With a lightweight frame, suspension, engine and transmission cooling system and brakes that are going to be overwhelmed it is just a really poor idea.
There is a reason they show in their advertising media towed boats, camping trailers that are not heavy nor do they "move" their contents like horse trailers do...
Hauling with a appropriate sized tow vehicle is not only smarter, it is the life of your tow vehicle and less large maintenance bills because of overuse and abusive conditions to the vehicle.
Forget you get in a accident, I would not want to face the investigation crew as they look at your wreck and put most of the blame immediately on you = going to cost you, period!
Now add the tickets written for being overloaded and possibly having your insurance company refuse to pay bills because _you knew_ you were overloaded and took the rig on the road puts you in severe jeopardy legally...
Nope...get the right tow vehicle or stay home!!
_***these are supposed to be the new/improved numbers on this series and better than older vehicles abilities***_
:runninghorse2:...
_jmo..._


----------



## AtokaGhosthorse (Oct 17, 2016)

No. 

Get a 3/4 ton, with big brakes and a big gas rig or a diesel.

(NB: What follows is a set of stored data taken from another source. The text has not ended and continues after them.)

lemma funpow_Suc_preimage:
  "(\<phi> ^^ Suc n) -` A \<inter> space M = (\<phi> ^^ n) -` (\<phi> -` A \<inter> space M) \<inter> space M"
  by (auto simp: funpow_in_space)

lemma emeasure_funpow_preimage:
  "A \<in> sets M \<Longrightarrow> emeasure M ((\<phi> ^^ n) -` A \<inter> space M) = emeasure M A"
proof (induction n arbitrary: A)
  case (Suc n)
  then show ?case
    using measurable_sets[OF measurable_\<phi>] emeasure_preimage by (simp only: funpow_Suc_preimage)
qed (simp add: sets.Int_space_eq2)

lemma measure_funpow_preimage:
  "A \<in> sets M \<Longrightarrow> measure M ((\<phi> ^^ n) -` A \<inter> space M) = measure M A"
  by (simp add: measure_def emeasure_funpow_preimage)

lemma distr_funpow: "distr M M (\<phi> ^^ n) = M"
  by (rule measure_eqI) (auto simp: emeasure_distr measurable_funpow emeasure_funpow_preimage)

lemma integral_funpow_comp:
  "g \<in> borel_measurable M \<Longrightarrow> (\<integral>x. g ((\<phi> ^^ n) x) \<partial>M) = (\<integral>x. g x \<partial>M)"
  for g :: "'a \<Rightarrow> real"
  using integral_distr[OF measurable_funpow, of g n] distr_funpow by simp

lemma integrable_funpow_comp: "integrable M g \<Longrightarrow> integrable M (\<lambda>x. g ((\<phi> ^^ n) x))"
  for g :: "'a \<Rightarrow> real"
  using integrable_distr_eq[OF measurable_funpow, of g n] distr_funpow by simp

lemma integrable_iterate: "integrable M f \<Longrightarrow> integrable M ((P ^^ n) f)"
  by (induction n) (simp_all add: integrable_P)

lemma set_integral_iterate:
  assumes f: "integrable M f" and A: "A \<in> sets M"
  shows "(\<integral>x\<in>A. (P ^^ n) f x \<partial>M) = (\<integral>x\<in>(\<phi> ^^ n) -` A \<inter> space M. f x \<partial>M)"
  using A
proof (induction n arbitrary: A)
  case (Suc n)
  have "(\<integral>x\<in>A. (P ^^ Suc n) f x \<partial>M) = (\<integral>x\<in>\<phi> -` A \<inter> space M. (P ^^ n) f x \<partial>M)"
    using set_integral_P[OF integrable_iterate[OF f] Suc.prems] by simp
  also have "\<dots> = (\<integral>x\<in>(\<phi> ^^ n) -` (\<phi> -` A \<inter> space M) \<inter> space M. f x \<partial>M)"
    using Suc.IH measurable_sets[OF measurable_\<phi> Suc.prems] by blast
  finally show ?case by (simp only: funpow_Suc_preimage)
qed (simp add: sets.Int_space_eq2)

lemma L1_dist_iterate_le:
  assumes f: "integrable M f" and g: "integrable M g"
  shows "(\<integral>x. \<bar>(P ^^ n) f x - (P ^^ n) g x\<bar> \<partial>M) \<le> (\<integral>x. \<bar>f x - g x\<bar> \<partial>M)"
proof (rule integral_abs_le_of_set_integral_transfer[OF measurable_funpow])
  fix A assume A: "A \<in> sets M"
  have "set_integrable M A ((P ^^ n) f)" "set_integrable M A ((P ^^ n) g)"
    "set_integrable M ((\<phi> ^^ n) -` A \<inter> space M) f" "set_integrable M ((\<phi> ^^ n) -` A \<inter> space M) g"
    using A sets_funpow_preimage[OF A] f g
    by (simp_all add: set_integrable_of_integrable integrable_iterate)
  then show "(\<integral>x\<in>A. (P ^^ n) f x - (P ^^ n) g x \<partial>M) =
      (\<integral>x\<in>(\<phi> ^^ n) -` A \<inter> space M. f x - g x \<partial>M)"
    using set_integral_iterate[OF f A] set_integral_iterate[OF g A] by simp
qed (use f g integrable_iterate in auto)

definition preimage_algebra :: "nat \<Rightarrow> 'a measure" where
  "preimage_algebra n = vimage_algebra (space M) (\<phi> ^^ n) M"

lemma sets_preimage_algebra:
  "sets (preimage_algebra n) = {(\<phi> ^^ n) -` C \<inter> space M | C. C \<in> sets M}"
  unfolding preimage_algebra_def using funpow_in_space by (intro sets_vimage_algebra2) auto

lemma space_preimage_algebra [simp]: "space (preimage_algebra n) = space M"
  by (simp add: preimage_algebra_def)

sublocale preimage: decreasing_subalgebras M preimage_algebra
proof
  show "subalgebra M (preimage_algebra n)" for n
    by (auto simp: subalgebra_def sets_preimage_algebra sets_funpow_preimage)
  show "subalgebra (preimage_algebra n) (preimage_algebra m)" if nm: "n \<le> m" for n m
  proof -
    obtain k where m: "m = k + n" using le_Suc_ex[OF nm] by (metis add.commute)
    have eq: "(\<phi> ^^ m) -` C \<inter> space M = (\<phi> ^^ n) -` ((\<phi> ^^ k) -` C \<inter> space M) \<inter> space M" for C
      unfolding m funpow_add using funpow_in_space by auto
    have "(\<phi> ^^ m) -` C \<inter> space M \<in> sets (preimage_algebra n)" if "C \<in> sets M" for C
      unfolding eq sets_preimage_algebra using sets_funpow_preimage[OF that] by blast
    then show ?thesis by (auto simp: subalgebra_def sets_preimage_algebra)
  qed
qed

lemma cond_exp_preimage_algebra:
  assumes f: "integrable M f"
  shows "AE x in M. real_cond_exp M (preimage_algebra n) f x = (P ^^ n) f ((\<phi> ^^ n) x)"
proof -
  interpret sigma_finite_subalgebra M "preimage_algebra n"
    by (rule preimage.sigma_finite_subalgebra_F)
  let ?g = "(P ^^ n) f"
  have g: "integrable M ?g" by (rule integrable_iterate[OF f])
  show ?thesis
  proof (rule real_cond_exp_charact)
    show "integrable M f" "integrable M (\<lambda>x. ?g ((\<phi> ^^ n) x))"
      using f integrable_funpow_comp[OF g] by auto
    show "(\<lambda>x. ?g ((\<phi> ^^ n) x)) \<in> borel_measurable (preimage_algebra n)"
      unfolding preimage_algebra_def using g funpow_in_space
      by (intro measurable_compose[OF measurable_vimage_algebra1]) auto
    fix A assume "A \<in> sets (preimage_algebra n)"
    then obtain C where C: "C \<in> sets M" and A: "A = (\<phi> ^^ n) -` C \<inter> space M"
      by (auto simp: sets_preimage_algebra)
    have "(\<integral>x\<in>A. ?g ((\<phi> ^^ n) x) \<partial>M) = (\<integral>x. indicator C ((\<phi> ^^ n) x) * ?g ((\<phi> ^^ n) x) \<partial>M)"
      unfolding set_lebesgue_integral_def A
      by (rule Bochner_Integration.integral_cong[OF refl]) (auto simp: indicator_def funpow_in_space)
    also have "\<dots> = (\<integral>x\<in>C. ?g x \<partial>M)"
      unfolding set_lebesgue_integral_def using C g
      by (simp add: integral_funpow_comp[of "\<lambda>x. indicator C x * ?g x"])
    also have "\<dots> = (\<integral>x\<in>A. f x \<partial>M)" unfolding A by (rule set_integral_iterate[OF f C])
    finally show "(\<integral>x\<in>A. f x \<partial>M) = (\<integral>x\<in>A. ?g ((\<phi> ^^ n) x) \<partial>M)" by simp
  qed
qed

I have a gas 2013 F250 FX4 with a flat bed. My trailer is 11,000 lbs, steel, 3 slant with LQ and my truck does fine with it (with two horses, a generator, gas, hay, feed, tack, toilet)... UNLESS I've lost momentum for a long steady climb. Then it's gasping and panting at the top of the hill. And that's a 3/4 ton. The brakes are fine.

My husband's crappy looking old Dodge 2nd gen 3/4 ton long bed with a 12v Cummins diesel will tow it like its not there... but it's 2wd and gets stuck on a cow patty.

My daughter's newer (I forget the year) Dodge 3/4 ton 4wd w/a turbo diesel in it, likewise, tows like the goosenecks aren't even there.

In summary:

No.

and

Dodge>Ford.


----------



## SilverMaple (Jun 24, 2017)

Nope. Nope, nope, nope. The biggest I'd pull with a half-ton is a 2-horse with small tack room. 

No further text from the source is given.